### Extracted data

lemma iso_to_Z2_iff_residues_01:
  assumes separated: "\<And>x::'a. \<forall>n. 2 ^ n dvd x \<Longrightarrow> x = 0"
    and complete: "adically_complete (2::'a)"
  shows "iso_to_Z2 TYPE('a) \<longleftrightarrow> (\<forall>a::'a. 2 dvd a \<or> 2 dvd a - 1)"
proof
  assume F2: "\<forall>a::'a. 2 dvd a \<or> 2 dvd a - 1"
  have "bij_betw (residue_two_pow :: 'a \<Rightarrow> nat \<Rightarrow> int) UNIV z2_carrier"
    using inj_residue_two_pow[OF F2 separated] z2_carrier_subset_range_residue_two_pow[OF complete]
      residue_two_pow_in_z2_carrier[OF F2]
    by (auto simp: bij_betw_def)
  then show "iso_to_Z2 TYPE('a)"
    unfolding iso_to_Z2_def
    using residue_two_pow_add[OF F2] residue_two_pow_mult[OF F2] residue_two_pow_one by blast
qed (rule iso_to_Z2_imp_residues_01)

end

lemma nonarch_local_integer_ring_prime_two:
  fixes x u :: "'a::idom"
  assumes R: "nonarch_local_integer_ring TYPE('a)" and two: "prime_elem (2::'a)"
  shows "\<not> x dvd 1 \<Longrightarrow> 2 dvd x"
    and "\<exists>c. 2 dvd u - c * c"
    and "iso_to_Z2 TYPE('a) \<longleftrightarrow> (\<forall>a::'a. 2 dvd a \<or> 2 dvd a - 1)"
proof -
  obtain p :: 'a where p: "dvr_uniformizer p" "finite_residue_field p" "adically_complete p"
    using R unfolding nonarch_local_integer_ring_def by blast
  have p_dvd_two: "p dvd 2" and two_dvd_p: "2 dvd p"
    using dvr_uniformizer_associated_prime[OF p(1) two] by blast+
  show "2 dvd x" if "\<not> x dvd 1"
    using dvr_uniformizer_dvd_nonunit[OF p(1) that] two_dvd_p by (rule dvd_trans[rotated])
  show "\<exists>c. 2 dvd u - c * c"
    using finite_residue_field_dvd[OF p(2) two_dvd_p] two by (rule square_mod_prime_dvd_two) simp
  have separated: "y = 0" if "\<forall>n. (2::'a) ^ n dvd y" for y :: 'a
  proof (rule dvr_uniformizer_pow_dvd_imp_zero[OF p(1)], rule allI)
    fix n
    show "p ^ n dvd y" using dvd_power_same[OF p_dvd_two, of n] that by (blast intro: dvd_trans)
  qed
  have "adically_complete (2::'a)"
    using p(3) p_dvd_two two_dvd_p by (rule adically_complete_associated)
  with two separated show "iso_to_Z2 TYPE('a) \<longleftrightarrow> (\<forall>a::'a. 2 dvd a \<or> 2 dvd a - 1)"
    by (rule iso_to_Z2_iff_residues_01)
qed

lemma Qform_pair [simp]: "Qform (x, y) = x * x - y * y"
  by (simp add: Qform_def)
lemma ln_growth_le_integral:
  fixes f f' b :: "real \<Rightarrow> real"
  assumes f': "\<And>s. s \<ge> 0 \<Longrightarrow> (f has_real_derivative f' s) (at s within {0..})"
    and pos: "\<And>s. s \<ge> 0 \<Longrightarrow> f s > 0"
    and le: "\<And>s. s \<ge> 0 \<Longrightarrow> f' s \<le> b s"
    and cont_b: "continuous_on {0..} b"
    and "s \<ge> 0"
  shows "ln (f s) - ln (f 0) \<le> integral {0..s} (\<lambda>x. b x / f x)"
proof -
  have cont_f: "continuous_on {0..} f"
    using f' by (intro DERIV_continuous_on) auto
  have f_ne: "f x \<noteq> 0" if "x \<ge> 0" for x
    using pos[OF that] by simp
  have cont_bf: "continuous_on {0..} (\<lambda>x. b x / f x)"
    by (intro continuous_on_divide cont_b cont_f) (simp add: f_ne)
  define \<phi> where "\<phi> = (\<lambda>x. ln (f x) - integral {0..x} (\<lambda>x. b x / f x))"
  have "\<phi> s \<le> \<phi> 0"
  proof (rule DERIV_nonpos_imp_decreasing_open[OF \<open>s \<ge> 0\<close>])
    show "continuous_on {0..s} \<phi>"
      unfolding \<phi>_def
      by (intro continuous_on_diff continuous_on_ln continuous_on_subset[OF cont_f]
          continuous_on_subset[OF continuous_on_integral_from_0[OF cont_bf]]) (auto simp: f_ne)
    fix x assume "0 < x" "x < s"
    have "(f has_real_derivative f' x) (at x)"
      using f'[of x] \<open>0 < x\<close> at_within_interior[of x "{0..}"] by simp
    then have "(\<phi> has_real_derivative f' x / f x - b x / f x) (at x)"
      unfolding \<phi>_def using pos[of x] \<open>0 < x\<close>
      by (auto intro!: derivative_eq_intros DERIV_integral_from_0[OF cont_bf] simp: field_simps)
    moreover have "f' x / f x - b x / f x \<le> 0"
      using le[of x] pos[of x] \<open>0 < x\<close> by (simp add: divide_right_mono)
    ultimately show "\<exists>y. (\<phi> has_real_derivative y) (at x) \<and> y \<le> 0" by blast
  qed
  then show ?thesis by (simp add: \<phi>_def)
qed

######

When you reach the line with "using inj_residue_two_pow[OF F2" in the records above, start writing out lines exactly, and stop once the line with "using p(3) p_dvd_two" has been written; include nothing else.

:: Solved exercise ::
    using inj_residue_two_pow[OF F2 separated] z2_carrier_subset_range_residue_two_pow[OF complete]
      residue_two_pow_in_z2_carrier[OF F2]
    by (auto simp: bij_betw_def)
  then show "iso_to_Z2 TYPE('a)"
    unfolding iso_to_Z2_def
    using residue_two_pow_add[OF F2] residue_two_pow_mult[OF F2] residue_two_pow_one by blast
qed (rule iso_to_Z2_imp_residues_01)

end

lemma nonarch_local_integer_ring_prime_two:
  fixes x u :: "'a::idom"
  assumes R: "nonarch_local_integer_ring TYPE('a)" and two: "prime_elem (2::'a)"
  shows "\<not> x dvd 1 \<Longrightarrow> 2 dvd x"
    and "\<exists>c. 2 dvd u - c * c"
    and "iso_to_Z2 TYPE('a) \<longleftrightarrow> (\<forall>a::'a. 2 dvd a \<or> 2 dvd a - 1)"
proof -
  obtain p :: 'a where p: "dvr_uniformizer p" "finite_residue_field p" "adically_complete p"
    using R unfolding nonarch_local_integer_ring_def by blast
  have p_dvd_two: "p dvd 2" and two_dvd_p: "2 dvd p"
    using dvr_uniformizer_associated_prime[OF p(1) two] by blast+
  show "2 dvd x" if "\<not> x dvd 1"
    using dvr_uniformizer_dvd_nonunit[OF p(1) that] two_dvd_p by (rule dvd_trans[rotated])
  show "\<exists>c. 2 dvd u - c * c"
    using finite_residue_field_dvd[OF p(2) two_dvd_p] two by (rule square_mod_prime_dvd_two) simp
  have separated: "y = 0" if "\<forall>n. (2::'a) ^ n dvd y" for y :: 'a
  proof (rule dvr_uniformizer_pow_dvd_imp_zero[OF p(1)], rule allI)
    fix n
    show "p ^ n dvd y" using dvd_power_same[OF p_dvd_two, of n] that by (blast intro: dvd_trans)
  qed
  have "adically_complete (2::'a)"
    using p(3) p_dvd_two two_dvd_p by (rule adically_complete_associated)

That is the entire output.